Which of the lines below include the word "else"? Pull each one out.

RECORD EXTRACTS:
:::::

(* Let $n\ge1$ and let $\mathcal B$ be a finite abstract $\mathfrak q_n$-crystal. Then its character $\mathrm{ch}(\mathcal B)=\sum_{b\in\mathcal B}x_1^{\mathrm{wt}(b)_1}\cdots x_n^{\mathrm{wt}(b)_n}$ lies in $\Gamma_n$.
   Context: An abstract $\mathfrak{gl}_n$-crystal is a set $\mathcal B$ with $\mathrm{wt}:\mathcal B\to\mathbb{Z}_{\ge0}^n$ and $e_i,f_i:\mathcal B\to\mathcal B\sqcup\{0\}$ ($i\in[n-1]$) such that $e_i(b)=c\iff f_i(c)=b$, in which case $\mathrm{wt}(c)=\mathrm{wt}(b)+\mathbf e_i-\mathbf e_{i+1}$, and $\varepsilon_i(b)=\max\{k:e_i^k(b)\ne0\}$, $\varphi_i(b)=\max\{k:f_i^k(b)\ne0\}$ are finite with $\varphi_i(b)-\varepsilon_i(b)=\mathrm{wt}(b)_i-\mathrm{wt}(b)_{i+1}$. For $n\ge2$ an abstract $\mathfrak q_n$-crystal is an abstract $\mathfrak{gl}_n$-crystal with maps $e_{\bar1},f_{\bar1}:\mathcal B\to\mathcal B\sqcup\{0\}$ such that: $e_{\bar1}(b)=c\iff f_{\bar1}(c)=b$, in which case $\mathrm{wt}(b)=\mathrm{wt}(c)+\mathbf e_2-\mathbf e_1$ and $\varepsilon_i(b)=\varepsilon_i(c)$, $\varphi_i(b)=\varphi_i(c)$ for $3\le i\le n-1$; $e_{\bar1},f_{\bar1}$ commute with $e_i,f_i$ for $3\le i\le n-1$ (all operators send $0$ to $0$); and, with $\varepsilon_{\bar1}(b)=\max\{k:e_{\bar1}^k(b)\ne0\}$, $\varphi_{\bar1}(b)=\max\{k:f_{\bar1}^k(b)\neq0\}$, one has $\varepsilon_{\bar1}(b)+\varphi_{\bar1}(b)\le1$ with equality if $\mathrm{wt}(b)_1\ne0$ or $\mathrm{wt}(b)_2\ne0$. An abstract $\mathfrak q_1$-crystal is any set with a weight map to $\mathbb{Z}_{\ge0}$. $\Lambda_n$ is the ring of symmetric polynomials in $\mathbb{Z}[x_1,\dots,x_n]$; for $n\ge2$, $\Gamma_n$ is the subring of $f\in\Lambda_n$ with $f(x_1,-x_1,x_3,\dots,x_n)\in\mathbb{Z}[x_3,\dots,x_n]$, and $\Gamma_1=\Lambda_1$. *)

theory Defs
  imports "HOL-Combinatorics.Permutations"
begin

text \<open>The value None plays the role of 0.
  Weights are functions nat => nat, of which only the entries 1..n matter.\<close>

definition opt_iter :: "('b \<Rightarrow> 'b option) \<Rightarrow> nat \<Rightarrow> 'b \<Rightarrow> 'b option" where
  "opt_iter g k b = ((\<lambda>y. Option.bind y g) ^^ k) (Some b)"

definition str_len :: "('b \<Rightarrow> 'b option) \<Rightarrow> 'b \<Rightarrow> nat" where
  "str_len g b = Max {k. opt_iter g k b \<noteq> None}"

definition str_finite :: "('b \<Rightarrow> 'b option) \<Rightarrow> 'b \<Rightarrow> bool" where
  "str_finite g b \<longleftrightarrow> finite {k. opt_iter g k b \<noteq> None}"

definition maps_into :: "'b set \<Rightarrow> ('b \<Rightarrow> 'b option) \<Rightarrow> bool" where
  "maps_into B g \<longleftrightarrow> (\<forall>b\<in>B. \<forall>c. g b = Some c \<longrightarrow> c \<in> B)"

definition gl_crystal ::
  "nat \<Rightarrow> 'b set \<Rightarrow> ('b \<Rightarrow> nat \<Rightarrow> nat) \<Rightarrow> (nat \<Rightarrow> 'b \<Rightarrow> 'b option) \<Rightarrow> (nat \<Rightarrow> 'b \<Rightarrow> 'b option) \<Rightarrow> bool"
  where
  "gl_crystal n B wt e f \<longleftrightarrow>
    (\<forall>i\<in>{1..<n}.
       maps_into B (e i) \<and> maps_into B (f i) \<and>
       (\<forall>b\<in>B. \<forall>c\<in>B. e i b = Some c \<longleftrightarrow> f i c = Some b) \<and>
       (\<forall>b\<in>B. \<forall>c\<in>B. e i b = Some c \<longrightarrow>
          (\<forall>j\<in>{1..n}. int (wt c j) = int (wt b j) + (if j = i then 1 else 0)
                                                 - (if j = i + 1 then 1 else 0))) \<and>
       (\<forall>b\<in>B. str_finite (e i) b \<and> str_finite (f i) b \<and>
          int (str_len (f i) b) - int (str_len (e i) b) = int (wt b i) - int (wt b (i + 1))))"

definition q_crystal ::
  "nat \<Rightarrow> 'b set \<Rightarrow> ('b \<Rightarrow> nat \<Rightarrow> nat) \<Rightarrow> (nat \<Rightarrow> 'b \<Rightarrow> 'b option) \<Rightarrow> (nat \<Rightarrow> 'b \<Rightarrow> 'b option)
     \<Rightarrow> ('b \<Rightarrow> 'b option) \<Rightarrow> ('b \<Rightarrow> 'b option) \<Rightarrow> bool"
  where
  "q_crystal n B wt e f eb fb \<longleftrightarrow>
    (n \<ge> 2 \<longrightarrow>
      gl_crystal n B wt e f \<and>
      maps_into B eb \<and> maps_into B fb \<and>
      (\<forall>b\<in>B. \<forall>c\<in>B. eb b = Some c \<longleftrightarrow> fb c = Some b) \<and>
      (\<forall>b\<in>B. \<forall>c\<in>B. eb b = Some c \<longrightarrow>
          (\<forall>j\<in>{1..n}. int (wt b j) = int (wt c j) + (if j = 2 then 1 else 0)
                                                 - (if j = 1 then 1 else 0)) \<and>
          (\<forall>i\<in>{3..<n}. str_len (e i) b = str_len (e i) c \<and> str_len (f i) b = str_len (f i) c)) \<and>
      (\<forall>i\<in>{3..<n}. \<forall>b\<in>B.
          Option.bind (eb b) (e i) = Option.bind (e i b) eb \<and>
          Option.bind (eb b) (f i) = Option.bind (f i b) eb \<and>
          Option.bind (fb b) (e i) = Option.bind (e i b) fb \<and>
          Option.bind (fb b) (f i) = Option.bind (f i b) fb) \<and>
      (\<forall>b\<in>B. str_finite eb b \<and> str_finite fb b \<and>
          str_len eb b + str_len fb b \<le> 1 \<and>
          ((wt b 1 \<noteq> 0 \<or> wt b 2 \<noteq> 0) \<longrightarrow> str_len eb b + str_len fb b = 1)))"

definition character :: "nat \<Rightarrow> 'b set \<Rightarrow> ('b \<Rightarrow> nat \<Rightarrow> nat) \<Rightarrow> (nat \<Rightarrow> int) \<Rightarrow> int" where
  "character n B wt x = (\<Sum>b\<in>B. \<Prod>i=1..n. x i ^ wt b i)"

text \<open>Polynomial functions Z^n -> Z (over the infinite domain Z these determine
  the polynomial), symmetric in x_1..x_n.\<close>
definition in_Lambda :: "nat \<Rightarrow> ((nat \<Rightarrow> int) \<Rightarrow> int) \<Rightarrow> bool" where
  "in_Lambda n F \<longleftrightarrow> (\<forall>x \<sigma>. \<sigma> permutes {1..n} \<longrightarrow> F (x \<circ> \<sigma>) = F x)"

definition in_Gamma :: "nat \<Rightarrow> ((nat \<Rightarrow> int) \<Rightarrow> int) \<Rightarrow> bool" where
  "in_Gamma n F \<longleftrightarrow> in_Lambda n F \<and>
     (n \<ge> 2 \<longrightarrow> (\<forall>x t. F (x(1 := t, 2 := -t)) = F (x(1 := 0, 2 := 0))))"

end

theory Submission
  imports Defs
begin

(* For each i, reversing every i-string (b goes to f_i^k b if k = wt(b)_i - wt(b)_(i+1) >= 0,
   to e_i^(-k) b otherwise) is an involution of B that swaps the weight entries i and i+1, so the
   character is invariant under adjacent transpositions and hence symmetric.
   The odd operators pair every b with wt(b)_1 or wt(b)_2 nonzero with a partner whose weight
   differs by +-(e_1 - e_2). At x_2 = -x_1 the monomials of the two partners cancel, at
   x_1 = x_2 = 0 both vanish, and the elements with wt(b)_1 = wt(b)_2 = 0 contribute the same
   at both points. *)

lemma opt_iter_0 [simp]: "opt_iter g 0 b = Some b"
  by (simp add: opt_iter_def)

lemma opt_iter_Suc: "opt_iter g (Suc k) b = Option.bind (opt_iter g k b) g"
  by (simp add: opt_iter_def)

lemma opt_iter_Suc_left: "opt_iter g (Suc k) b = Option.bind (g b) (opt_iter g k)"
proof -
  have from_None: "((\<lambda>y. Option.bind y g) ^^ k) None = None"
    by (induction k) auto
  have "opt_iter g (Suc k) b = ((\<lambda>y. Option.bind y g) ^^ k) (g b)"
    unfolding opt_iter_def funpow_Suc_right by simp
  then show ?thesis
    by (cases "g b") (auto simp: from_None opt_iter_def)
qed

lemma opt_iter_1 [simp]: "opt_iter g (Suc 0) b = g b"
  by (simp add: opt_iter_Suc)

lemma opt_iter_defined_mono: "opt_iter g k b \<noteq> None \<Longrightarrow> j \<le> k \<Longrightarrow> opt_iter g j b \<noteq> None"
proof (induction k)
  case (Suc k)
  have "opt_iter g k b \<noteq> None"
    using Suc.prems(1) by (cases "opt_iter g k b") (auto simp: opt_iter_Suc)
  then show ?case
    using Suc by (auto simp: le_Suc_eq)
qed simp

:::::

RESPONSE TO THIS TASK:
          (\<forall>j\<in>{1..n}. int (wt c j) = int (wt b j) + (if j = i then 1 else 0)
                                                 - (if j = i + 1 then 1 else 0))) \<and>
          (\<forall>j\<in>{1..n}. int (wt b j) = int (wt c j) + (if j = 2 then 1 else 0)
                                                 - (if j = 1 then 1 else 0)) \<and>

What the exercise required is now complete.